- R$ 27,90
Descrição da editora
A tough and funny project girl manages to make that chill wind blow away
The good life, according to Aisha Ingram, is easy. It's hanging with friends, dancing, listening to music, whatever . . . but it doesn't include worrying about the future. Chilling out is her mantra until she receives a sixty-day termination-of-welfare-benefits notice. Without her monthly food stamps and assistance checks and with no help from the father of her two children, Aisha's life threatens to become a little too "chilly." The clock is ticking and she doesn't have many options, but one thing she knows for sure: workfare is not for her. There's no way she's going to scrub subway cars or sweep city sidewalks. Aisha tries to come up with other ways to get money, but things don't look good. Soon another notice comes: only thirty days left. Then she sees an ad on TV for BIGMODELS, and she figures she might as well check out the agency. After all, she is pretty enough. But just when it looks like Aisha's problems might be solved, things grow crazy again.
In Aisha, Janet McDonald has created a larger-than-life heroine who finds and succeeds at what is right for her.

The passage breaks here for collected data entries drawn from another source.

(* Let $E\subset[0,1)$ be a measurable set of positive Lebesgue measure and let $T\in\mathrm{IET}$. Then there exist $x_0\in[0,1)$ and constants $\alpha>0$, $\beta>0$ such that for all $n\geq 1$, $$\#\{i : 0\leq i<n,\ T^i(x_0)\in E\}\geq \alpha n-\beta.$$
   Context: $\mathrm{IET}$ denotes the group of interval exchange transformations of $[0,1)$: bijections of $[0,1)$ that are orientation-preserving piecewise isometries (piecewise translations), left-continuous, with finitely many discontinuity points. *)

theory Defs
  imports "HOL-Analysis.Analysis"
begin

definition IET :: "(real \<Rightarrow> real) \<Rightarrow> bool" where
  "IET T \<longleftrightarrow> bij_betw T {0..<1} {0..<1} \<and>
     (\<exists>D::real set. finite D \<and>
        (\<forall>a b. a < b \<and> {a..<b} \<subseteq> {0..<1} \<and> D \<inter> {a<..<b} = {} \<longrightarrow>
           (\<exists>c. \<forall>x\<in>{a..<b}. T x = x + c)))"

end

theory Submission
  imports Defs "HOL-Probability.Probability_Measure"
begin
(* Consider ${\rm CHC}_D(\mathbf k,\mathbf n,\lambda)$ under regime (A1) and the test $\psi^c=\psi_{sum}\vee\psi_{max}$ with threshold $W\to\infty$. If either (i) $\dfrac{\lambda\prod_ik_i}{\sqrt{\prod_in_i}}\to\infty$ and $W\le c\,\lambda\dfrac{\prod_ik_i}{\sqrt{\prod_in_i}}$ for some fixed $0<c<1$; or (ii) $\liminf\dfrac{\lambda}{\sqrt{2\sum_{i=1}^d\log n_i}}>1$, then $\mathbb P_0(\psi^c=1)+\sup_{\mathcal X\in\mathscr X_{\rm CHC}(\mathbf k,\mathbf n,\lambda)}\mathbb P_{\mathcal X}(\psi^c=0)\to0$. Under regime (A2) (with a suitable choice of $W$), $\psi^c$ achieves reliable detection when $\beta<(d\alpha-d/2)\vee0$.
   Context: Model: $\mathcal Y=\mathcal X+\mathcal Z\in\mathbb R^{n_1\times\cdots\times n_d}$, $\mathcal Z$ i.i.d. $N(0,1)$; ${\rm CHC}_D$ tests $H_0:\mathcal X=0$ vs $H_1:\mathcal X\in\mathscr X_{\rm CHC}(\mathbf k,\mathbf n,\lambda)=\{\lambda'\mathbf 1_{I_1}\circ\cdots\circ\mathbf 1_{I_d}:|I_i|=k_i,\lambda'\ge\lambda\}$. $\psi_{sum}=\mathbf 1\big(\sum_{i_1,\dots,i_d}\mathcal Y_{[i_1,\dots,i_d]}/\sqrt{n_1\cdots n_d}>W\big)$; $\psi_{max}=\mathbf 1\big(\max_{i_1,\dots,i_d}\mathcal Y_{[i_1,\dots,i_d]}>\sqrt{2\sum_{i=1}^d\log n_i}\big)$. Regime (A1): $n_i\to\infty,k_i\to\infty,k_i/n_i\to0$ for all $i$. Regime (A2): fixed $\alpha\in[0,1],\beta\in\mathbb R$; $n\to\infty$, $\log n_i/\log n\to1$, $k_i=k$ with $\log k/\log n\to\alpha$, $\log(1/\lambda)/\log n\to\beta$. *)

theory Defs
  imports "HOL-Probability.Probability"
begin

text \<open>Order-d tensors of size n_0 x ... x n_(d-1) are real functions on the index set
  of multi-indices idx with idx i < n i for i < d (extensional outside {..<d}).\<close>

definition tensor_idx :: "nat \<Rightarrow> (nat \<Rightarrow> nat) \<Rightarrow> (nat \<Rightarrow> nat) set" where
  "tensor_idx d n = PiE {..<d} (\<lambda>i. {..<n i})"

definition gauss_tensor :: "nat \<Rightarrow> (nat \<Rightarrow> nat) \<Rightarrow> ((nat \<Rightarrow> nat) \<Rightarrow> real) measure" where
  "gauss_tensor d n = PiM (tensor_idx d n) (\<lambda>_. density lborel std_normal_density)"

definition chc_class :: "nat \<Rightarrow> (nat \<Rightarrow> nat) \<Rightarrow> (nat \<Rightarrow> nat) \<Rightarrow> real \<Rightarrow> ((nat \<Rightarrow> nat) \<Rightarrow> real) set" where
  "chc_class d k n lam = {X. \<exists>S lam'. lam' \<ge> lam \<and>
      (\<forall>i<d. S i \<subseteq> {..<n i} \<and> card (S i) = k i) \<and>
      X = (\<lambda>idx. if (\<forall>i<d. idx i \<in> S i) then lam' else 0)}"

definition psi_sum :: "nat \<Rightarrow> (nat \<Rightarrow> nat) \<Rightarrow> real \<Rightarrow> ((nat \<Rightarrow> nat) \<Rightarrow> real) \<Rightarrow> bool" where
  "psi_sum d n W Y \<longleftrightarrow>
     (\<Sum>idx\<in>tensor_idx d n. Y idx) / sqrt (\<Prod>i<d. real (n i)) > W"

definition psi_max :: "nat \<Rightarrow> (nat \<Rightarrow> nat) \<Rightarrow> ((nat \<Rightarrow> nat) \<Rightarrow> real) \<Rightarrow> bool" where
  "psi_max d n Y \<longleftrightarrow>
     Max (Y ` tensor_idx d n) > sqrt (2 * (\<Sum>i<d. ln (real (n i))))"

definition psi_c :: "nat \<Rightarrow> (nat \<Rightarrow> nat) \<Rightarrow> real \<Rightarrow> ((nat \<Rightarrow> nat) \<Rightarrow> real) \<Rightarrow> bool" where
  "psi_c d n W Y \<longleftrightarrow> psi_sum d n W Y \<or> psi_max d n Y"
(* A point $(\bar x,\bar y)\in X\times Y$ is a calm local minimax point of $\min_{x\in X}\max_{y\in Y}f(x,y)$ if and only if there exist $\delta_0>0$ and a radius function $\tau$ such that (1) for every $\delta\in(0,\delta_0]$, $x\in X\cap\mathbb{B}_\delta(\bar x)$ and $y\in Y\cap\mathbb{B}_\delta(\bar y)$: $f(\bar x,y)\le f(\bar x,\bar y)\le\max_{y'\in Y\cap\mathbb{B}_{\tau(\|x-\bar x\|)}(\bar y)}f(x,y')$ (so in particular $(\bar x,\bar y)$ is a local minimax point), and (2) the optimal solution mapping $S_{\tau}(x):=\operatorname{argmax}_{y\in Y\cap\mathbb{B}_{\tau(\|x-\bar x\|)}(\bar y)}f(x,y)$ is inner calm at $(\bar x,\bar y)$ with respect to $X$.
   Context: $X\subseteq\mathbb{R}^n$, $Y\subseteq\mathbb{R}^m$ are nonempty closed sets and $f:\mathbb{R}^n\times\mathbb{R}^m\to\mathbb{R}$. $\mathbb{B}_\epsilon(z)$ is the closed Euclidean ball, $\mathbb{B}$ the closed unit ball. Standing assumption: for every $x\in X$, every $\bar y\in Y$ and every $\epsilon\ge0$ the maximum of $f(x,\cdot)$ over $Y\cap\mathbb{B}_\epsilon(\bar y)$ is attained. A radius function is a map $\tau:[0,\infty)\to[0,\infty)$ with $\tau(0)=0$ and $\tau(\delta)\to0$ as $\delta\downarrow0$; it is calm at $0$ if there exist $\kappa>0$, $\delta_1>0$ with $\tau(\delta)\le\kappa\delta$ for all $\delta\in[0,\delta_1]$. $(\bar x,\bar y)\in X\times Y$ is a local minimax point if there exist $\delta_0>0$ and a radius function $\tau$ such that for all $\delta\in(0,\delta_0]$, $x\in X\cap\mathbb{B}_\delta(\bar x)$, $y\in Y\cap\mathbb{B}_\delta(\bar y)$: $f(\bar x,y)\le f(\bar x,\bar y)\le\max_{y'\in Y\cap\mathbb{B}_{\tau(\delta)}(\bar y)}f(x,y')$; it is a calm local minimax point if this holds with $\tau$ calm at $0$. A set-valued map $\Gamma:\mathbb{R}^n\rightrightarrows\mathbb{R}^m$ with $\bar y\in\Gamma(\bar x)$ is inner calm at $(\bar x,\bar y)$ with respect to $X$ if there exist $\kappa>0$, $\delta_0>0$ such that $\bar y\in\Gamma(x)+\kappa\|x-\bar x\|\mathbb{B}$ for all $x\in\mathbb{B}_{\delta_0}(\bar x)\cap X$. *)

theory Defs
  imports "HOL-Analysis.Analysis"
begin

definition radius_function :: "(real \<Rightarrow> real) \<Rightarrow> bool" where
  "radius_function \<tau> \<longleftrightarrow> (\<forall>d\<ge>0. \<tau> d \<ge> 0) \<and> \<tau> 0 = 0 \<and> (\<tau> \<longlongrightarrow> 0) (at_right 0)"
section \<open>Dynamic programming for the ages\<close>

locale queued_lqg = prob_space M for M :: "'a measure" +
  fixes A :: "real^'n^'n" and B :: "real^'m^'n" and Q :: "nat \<Rightarrow> real^'n^'n"
    and R :: "nat \<Rightarrow> real^'m^'m" and \<theta> :: "nat \<Rightarrow> real" and N :: nat
    and x0 :: "'a \<Rightarrow> real^'n" and w :: "nat \<Rightarrow> 'a \<Rightarrow> real^'n"
  assumes Q_psd: "\<And>k. k \<le> Suc N \<Longrightarrow> sym_psd (Q k)"
    and R_pd: "\<And>k. k \<le> N \<Longrightarrow> sym_pd (R k)"
    and x0_square_integrable: "vec_square_integrable M M x0"
    and w_square_integrable: "\<And>k. k \<le> N \<Longrightarrow> vec_square_integrable M M (w k)"
    and w_mean_zero: "\<And>k i. k \<le> N \<Longrightarrow> (\<integral>\<omega>. w k \<omega> $ i \<partial>M) = 0"
    and indep_x0_w: "indep_vars (\<lambda>_. borel) (case_option x0 w) (insert None (Some ` {0..N}))"
begin

abbreviation "obj \<equiv> qobj M A B Q R \<theta> N w"
abbreviation "V \<equiv> Vq M A B Q R \<theta> N w"

lemma w_measurable: "k \<le> N \<Longrightarrow> w k \<in> borel_measurable M"
  using w_square_integrable vec_square_integrable_measurable by blast

lemma sigma_finite_subalgebra_Fq: "k \<le> Suc N \<Longrightarrow> sigma_finite_subalgebra M (Fq M w k)"
  unfolding Fq_eq_sigma_vars by (rule sigma_finite_subalgebra_sigma_vars) (auto intro: w_measurable)

lemma subalgebra_Fq: "k \<le> Suc N \<Longrightarrow> subalgebra M (Fq M w k)"
  using sigma_finite_subalgebra_Fq sigma_finite_subalgebra.subalg by blast

lemma Fq_w: "t < k \<Longrightarrow> w t \<in> borel_measurable (Fq M w k)"
  unfolding Fq_eq_sigma_vars by (rule sigma_vars_measurable_component) simp

lemma measurable_Fq_mono:
  "j \<le> k \<Longrightarrow> f \<in> measurable (Fq M w j) C \<Longrightarrow> f \<in> measurable (Fq M w k) C"
  unfolding Fq_eq_sigma_vars by (rule measurable_from_sigma_vars) (auto intro: sigma_vars_measurable_component)

lemma measurable_from_Fq: "k \<le> Suc N \<Longrightarrow> f \<in> measurable (Fq M w k) C \<Longrightarrow> f \<in> measurable M C"
  using measurable_from_subalg subalgebra_Fq by blast

lemma ek_square_integrable: "k \<le> Suc N \<Longrightarrow> vec_square_integrable M M (ek A w k e)"
  unfolding ek_def
  by (intro vec_square_integrable_sum[OF subalgebra_refl] vec_square_integrable_matrix_vector_mult[OF subalgebra_refl]
      w_square_integrable) auto

text \<open>For \<open>k = 0\<close> the truncated index \<open>k - t\<close> would refer to \<open>w\<^sub>0\<close>, which is not yet known.\<close>
lemma ek_measurable_Fq: "1 \<le> k \<Longrightarrow> ek A w k e \<in> borel_measurable (Fq M w k)"
  unfolding ek_def by (intro borel_measurable_sum borel_measurable_matrix_vector_mult Fq_w) auto

lemma integrable_Vq: "k \<le> Suc N \<Longrightarrow> integrable M (V k a)"
proof -
  have "integrable M (Vq_back M A B Q R \<theta> N w j a)" if "j \<le> Suc N" for j a
    using that
  proof (induction j arbitrary: a)
    case (Suc j)
    let ?k = "N - j"
    interpret F: sigma_finite_subalgebra M "Fq M w ?k" using sigma_finite_subalgebra_Fq by simp
    have "integrable M (\<lambda>\<omega>. - \<theta> ?k * real e + ek A w ?k e \<omega> \<bullet> (ricGamma A B Q R N ?k *v ek A w ?k e \<omega>)
                + real_cond_exp M (Fq M w ?k) (Vq_back M A B Q R \<theta> N w j e) \<omega>)" for e
      using integrable_quadratic_form[OF ek_square_integrable] F.real_cond_exp_int(1) Suc by auto
    then show ?case by (simp add: Let_def integrable_Min)
  qed (simp add: Vq_back.simps(1)[abs_def])
  then show "k \<le> Suc N \<Longrightarrow> integrable M (V k a)" unfolding Vq_def by simp
qed

lemma Vq_Suc_N: "V (Suc N) a \<omega> = 0"
  unfolding Vq_def by simp

lemma Vq_eq_Min_qobj: "k \<le> N \<Longrightarrow> V k a \<omega> = Min ((\<lambda>e. obj k e \<omega>) ` {0..a+1})"
proof -
  assume "k \<le> N"
  then have "Suc N - k = Suc (N - k)" "N - (N - k) = k" by simp_all
  then show ?thesis unfolding Vq_def qobj_def by (simp add: Let_def algebra_simps)
qed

Returning to territory first explored in Spellbound, McDonald here shifts her focus to Aisha, the high school dropout who was pregnant with one child already. The author once again uses a third-person narration to create Aisha's authentic voice and unique perspective, but the novel's solutions ultimately seem too simple. Aisha, now 19, has reached her five-year lifetime limit for receiving welfare and must enter workfare or "get kicked to the curb." Determined not to do any of the "slave jobs" she's been offered, she searches for another solution, such as pretending to be mentally ill or trying to convince her kids' father to marry her. She eventually realizes there aren't any "lucky breaks around the bend for a project girl on welfare with no schooling," and she goes to work patrolling the subway. Conveniently, she gets chosen to be in commercials. Her mother quits drinking, and this, coupled with her sudden bonding with her sister, add to the improbable ending. Readers get a strong sense of Aisha's world the projects, her battles with the welfare system, her friends and their families and the ribbing between friends reads genuine. But, in the end, with things coming so easily to Aisha, readers will be left wondering what she has learned along the way. Ages 12-up.